**TASK OBJECTIVE:** Where does the word "thesis" occur in the data below? Copy each line that holds it.

**SOURCE RECORDS:**
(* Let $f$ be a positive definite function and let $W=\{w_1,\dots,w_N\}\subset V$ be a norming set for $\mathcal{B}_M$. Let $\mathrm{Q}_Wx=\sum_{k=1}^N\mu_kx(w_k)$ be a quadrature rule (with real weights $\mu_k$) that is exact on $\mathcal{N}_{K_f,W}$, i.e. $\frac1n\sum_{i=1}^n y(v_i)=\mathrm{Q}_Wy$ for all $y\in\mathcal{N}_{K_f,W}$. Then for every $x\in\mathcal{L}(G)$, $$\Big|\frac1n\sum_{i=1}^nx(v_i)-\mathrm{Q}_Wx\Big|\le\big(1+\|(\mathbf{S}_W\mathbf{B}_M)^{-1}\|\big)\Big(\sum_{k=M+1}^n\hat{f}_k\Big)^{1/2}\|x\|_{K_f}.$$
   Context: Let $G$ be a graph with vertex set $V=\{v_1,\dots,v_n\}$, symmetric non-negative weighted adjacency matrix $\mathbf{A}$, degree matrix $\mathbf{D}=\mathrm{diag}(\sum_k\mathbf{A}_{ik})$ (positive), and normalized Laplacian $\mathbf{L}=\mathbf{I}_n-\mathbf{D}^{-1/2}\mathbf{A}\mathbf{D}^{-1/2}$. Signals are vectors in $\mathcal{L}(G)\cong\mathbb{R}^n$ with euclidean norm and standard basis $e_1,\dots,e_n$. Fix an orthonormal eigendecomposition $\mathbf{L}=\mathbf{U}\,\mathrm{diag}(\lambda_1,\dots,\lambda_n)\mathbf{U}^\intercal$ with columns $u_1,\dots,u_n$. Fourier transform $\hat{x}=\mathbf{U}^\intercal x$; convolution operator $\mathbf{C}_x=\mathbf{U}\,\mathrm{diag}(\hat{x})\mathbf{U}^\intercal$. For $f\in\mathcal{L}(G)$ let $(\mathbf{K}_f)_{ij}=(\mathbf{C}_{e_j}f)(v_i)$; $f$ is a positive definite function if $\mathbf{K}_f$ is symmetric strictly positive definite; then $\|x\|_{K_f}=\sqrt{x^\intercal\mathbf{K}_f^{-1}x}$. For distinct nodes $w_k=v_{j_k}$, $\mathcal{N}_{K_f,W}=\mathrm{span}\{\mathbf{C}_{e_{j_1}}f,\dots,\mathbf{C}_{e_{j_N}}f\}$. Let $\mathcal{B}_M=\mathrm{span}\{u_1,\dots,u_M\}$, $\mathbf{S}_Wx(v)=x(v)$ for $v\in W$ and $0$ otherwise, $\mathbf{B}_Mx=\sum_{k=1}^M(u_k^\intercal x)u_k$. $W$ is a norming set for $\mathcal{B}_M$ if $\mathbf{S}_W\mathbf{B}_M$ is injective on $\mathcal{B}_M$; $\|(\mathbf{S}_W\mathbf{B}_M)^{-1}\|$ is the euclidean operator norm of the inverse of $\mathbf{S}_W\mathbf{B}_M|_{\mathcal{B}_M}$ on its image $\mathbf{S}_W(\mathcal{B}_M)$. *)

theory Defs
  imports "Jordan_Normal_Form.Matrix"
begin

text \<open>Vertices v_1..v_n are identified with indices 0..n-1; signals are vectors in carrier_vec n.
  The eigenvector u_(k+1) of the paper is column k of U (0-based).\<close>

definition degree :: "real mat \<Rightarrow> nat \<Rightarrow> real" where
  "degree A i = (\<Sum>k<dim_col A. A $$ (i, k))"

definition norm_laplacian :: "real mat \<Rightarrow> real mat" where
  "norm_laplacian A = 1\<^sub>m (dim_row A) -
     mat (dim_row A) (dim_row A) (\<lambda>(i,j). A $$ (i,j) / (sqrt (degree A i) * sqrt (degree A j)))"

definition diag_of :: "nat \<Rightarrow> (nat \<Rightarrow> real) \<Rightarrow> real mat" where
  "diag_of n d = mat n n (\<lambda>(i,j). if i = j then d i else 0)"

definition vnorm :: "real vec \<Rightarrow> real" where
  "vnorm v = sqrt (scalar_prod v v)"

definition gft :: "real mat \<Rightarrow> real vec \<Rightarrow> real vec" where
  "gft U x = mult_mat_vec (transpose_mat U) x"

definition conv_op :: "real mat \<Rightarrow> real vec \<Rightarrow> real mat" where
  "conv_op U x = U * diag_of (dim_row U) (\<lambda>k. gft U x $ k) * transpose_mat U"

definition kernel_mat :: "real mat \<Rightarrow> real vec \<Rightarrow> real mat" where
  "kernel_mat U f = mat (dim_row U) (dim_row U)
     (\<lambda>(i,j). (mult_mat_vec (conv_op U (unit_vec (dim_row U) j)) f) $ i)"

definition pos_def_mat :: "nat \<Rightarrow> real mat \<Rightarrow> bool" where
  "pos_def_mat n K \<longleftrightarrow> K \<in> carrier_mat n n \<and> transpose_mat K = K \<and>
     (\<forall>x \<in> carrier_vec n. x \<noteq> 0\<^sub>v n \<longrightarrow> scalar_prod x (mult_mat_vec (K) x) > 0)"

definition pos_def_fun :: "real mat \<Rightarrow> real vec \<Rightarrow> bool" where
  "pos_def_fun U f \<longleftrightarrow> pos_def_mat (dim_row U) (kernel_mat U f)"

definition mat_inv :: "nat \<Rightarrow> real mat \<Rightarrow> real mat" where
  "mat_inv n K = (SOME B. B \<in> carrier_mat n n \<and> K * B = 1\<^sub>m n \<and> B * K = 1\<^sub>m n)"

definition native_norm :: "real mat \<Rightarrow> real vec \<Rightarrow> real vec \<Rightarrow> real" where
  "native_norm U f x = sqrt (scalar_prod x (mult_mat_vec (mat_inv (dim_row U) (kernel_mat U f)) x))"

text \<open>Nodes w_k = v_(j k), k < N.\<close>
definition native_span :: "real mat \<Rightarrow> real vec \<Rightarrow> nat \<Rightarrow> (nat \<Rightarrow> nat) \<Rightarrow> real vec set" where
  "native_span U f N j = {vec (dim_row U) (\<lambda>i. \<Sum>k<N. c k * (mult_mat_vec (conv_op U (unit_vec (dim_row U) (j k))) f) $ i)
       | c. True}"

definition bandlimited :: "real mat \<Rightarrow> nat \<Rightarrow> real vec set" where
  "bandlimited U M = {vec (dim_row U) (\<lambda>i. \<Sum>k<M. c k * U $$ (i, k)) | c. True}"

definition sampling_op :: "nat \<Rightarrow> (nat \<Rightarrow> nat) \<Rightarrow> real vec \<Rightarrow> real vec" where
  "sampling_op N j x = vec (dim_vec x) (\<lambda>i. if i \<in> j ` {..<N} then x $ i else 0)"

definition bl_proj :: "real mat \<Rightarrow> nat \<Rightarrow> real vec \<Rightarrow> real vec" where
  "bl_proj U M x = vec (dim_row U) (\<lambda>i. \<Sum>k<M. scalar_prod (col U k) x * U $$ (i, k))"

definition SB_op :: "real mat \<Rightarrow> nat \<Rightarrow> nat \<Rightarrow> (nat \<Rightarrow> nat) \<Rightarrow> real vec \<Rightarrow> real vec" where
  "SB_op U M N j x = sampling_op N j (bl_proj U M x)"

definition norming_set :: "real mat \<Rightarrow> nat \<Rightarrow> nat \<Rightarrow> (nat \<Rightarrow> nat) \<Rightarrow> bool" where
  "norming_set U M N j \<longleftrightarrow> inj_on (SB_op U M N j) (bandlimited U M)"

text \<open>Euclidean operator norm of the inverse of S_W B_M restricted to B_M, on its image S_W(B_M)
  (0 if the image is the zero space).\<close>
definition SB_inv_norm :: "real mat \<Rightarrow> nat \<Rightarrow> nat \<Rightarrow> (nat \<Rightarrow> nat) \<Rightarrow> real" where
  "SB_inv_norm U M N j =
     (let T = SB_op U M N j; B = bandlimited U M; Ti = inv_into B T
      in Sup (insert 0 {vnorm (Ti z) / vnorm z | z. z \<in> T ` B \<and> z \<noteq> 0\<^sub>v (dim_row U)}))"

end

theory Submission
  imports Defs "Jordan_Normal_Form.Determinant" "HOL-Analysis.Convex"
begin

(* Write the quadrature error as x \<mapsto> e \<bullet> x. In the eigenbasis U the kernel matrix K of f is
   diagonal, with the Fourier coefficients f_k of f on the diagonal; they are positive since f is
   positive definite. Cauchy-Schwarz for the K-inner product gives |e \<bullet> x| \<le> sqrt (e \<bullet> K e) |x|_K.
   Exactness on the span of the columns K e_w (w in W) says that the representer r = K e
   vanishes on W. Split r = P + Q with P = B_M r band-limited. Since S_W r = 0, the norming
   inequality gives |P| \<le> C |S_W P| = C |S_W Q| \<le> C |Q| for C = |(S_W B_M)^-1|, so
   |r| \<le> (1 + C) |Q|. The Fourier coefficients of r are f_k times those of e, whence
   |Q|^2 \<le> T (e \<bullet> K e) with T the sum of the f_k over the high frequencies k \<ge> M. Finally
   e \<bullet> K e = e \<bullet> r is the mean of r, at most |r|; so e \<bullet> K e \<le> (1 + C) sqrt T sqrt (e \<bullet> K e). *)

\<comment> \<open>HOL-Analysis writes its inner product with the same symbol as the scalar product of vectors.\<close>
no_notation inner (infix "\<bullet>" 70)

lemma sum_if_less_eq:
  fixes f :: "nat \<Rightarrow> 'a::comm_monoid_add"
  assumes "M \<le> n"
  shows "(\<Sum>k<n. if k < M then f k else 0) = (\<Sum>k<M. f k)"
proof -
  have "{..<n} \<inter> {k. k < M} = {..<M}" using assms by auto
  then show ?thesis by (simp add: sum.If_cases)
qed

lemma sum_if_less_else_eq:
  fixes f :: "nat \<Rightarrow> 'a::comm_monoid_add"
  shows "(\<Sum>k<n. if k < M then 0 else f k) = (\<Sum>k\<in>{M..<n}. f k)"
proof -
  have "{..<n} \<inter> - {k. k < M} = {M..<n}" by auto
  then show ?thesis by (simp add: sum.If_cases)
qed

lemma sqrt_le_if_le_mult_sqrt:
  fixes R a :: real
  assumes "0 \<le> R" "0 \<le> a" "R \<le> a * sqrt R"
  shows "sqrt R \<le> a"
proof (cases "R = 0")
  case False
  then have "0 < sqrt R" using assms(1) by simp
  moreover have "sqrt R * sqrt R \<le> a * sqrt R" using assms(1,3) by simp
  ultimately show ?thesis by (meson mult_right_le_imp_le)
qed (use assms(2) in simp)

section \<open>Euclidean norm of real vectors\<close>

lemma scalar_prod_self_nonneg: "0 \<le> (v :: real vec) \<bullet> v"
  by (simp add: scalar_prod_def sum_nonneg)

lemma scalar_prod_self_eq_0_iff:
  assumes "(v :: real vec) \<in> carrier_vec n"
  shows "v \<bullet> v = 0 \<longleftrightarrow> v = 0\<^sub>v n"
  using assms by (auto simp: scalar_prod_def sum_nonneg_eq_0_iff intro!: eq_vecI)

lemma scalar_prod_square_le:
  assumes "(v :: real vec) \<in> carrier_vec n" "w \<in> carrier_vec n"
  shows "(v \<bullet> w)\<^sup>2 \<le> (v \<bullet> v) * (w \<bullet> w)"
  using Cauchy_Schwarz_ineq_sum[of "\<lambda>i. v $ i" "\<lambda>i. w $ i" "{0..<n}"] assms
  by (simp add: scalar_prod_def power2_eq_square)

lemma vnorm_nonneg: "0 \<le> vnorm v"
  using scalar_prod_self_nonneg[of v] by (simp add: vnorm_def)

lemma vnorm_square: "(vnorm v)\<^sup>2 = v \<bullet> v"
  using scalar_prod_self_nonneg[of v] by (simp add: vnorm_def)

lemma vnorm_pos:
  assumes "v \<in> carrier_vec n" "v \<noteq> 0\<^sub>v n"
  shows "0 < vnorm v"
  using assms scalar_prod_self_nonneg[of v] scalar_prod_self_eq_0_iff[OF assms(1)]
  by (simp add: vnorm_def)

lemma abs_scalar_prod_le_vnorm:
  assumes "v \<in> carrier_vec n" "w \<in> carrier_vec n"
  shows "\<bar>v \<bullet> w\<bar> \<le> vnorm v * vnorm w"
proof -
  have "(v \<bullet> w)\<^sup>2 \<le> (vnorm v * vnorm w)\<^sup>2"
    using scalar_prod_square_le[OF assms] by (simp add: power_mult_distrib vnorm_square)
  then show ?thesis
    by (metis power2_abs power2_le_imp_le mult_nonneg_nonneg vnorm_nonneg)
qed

**YOUR RESPONSE:**
  then show ?thesis by (simp add: sum.If_cases)
  then show ?thesis by (simp add: sum.If_cases)
  ultimately show ?thesis by (meson mult_right_le_imp_le)
  then show ?thesis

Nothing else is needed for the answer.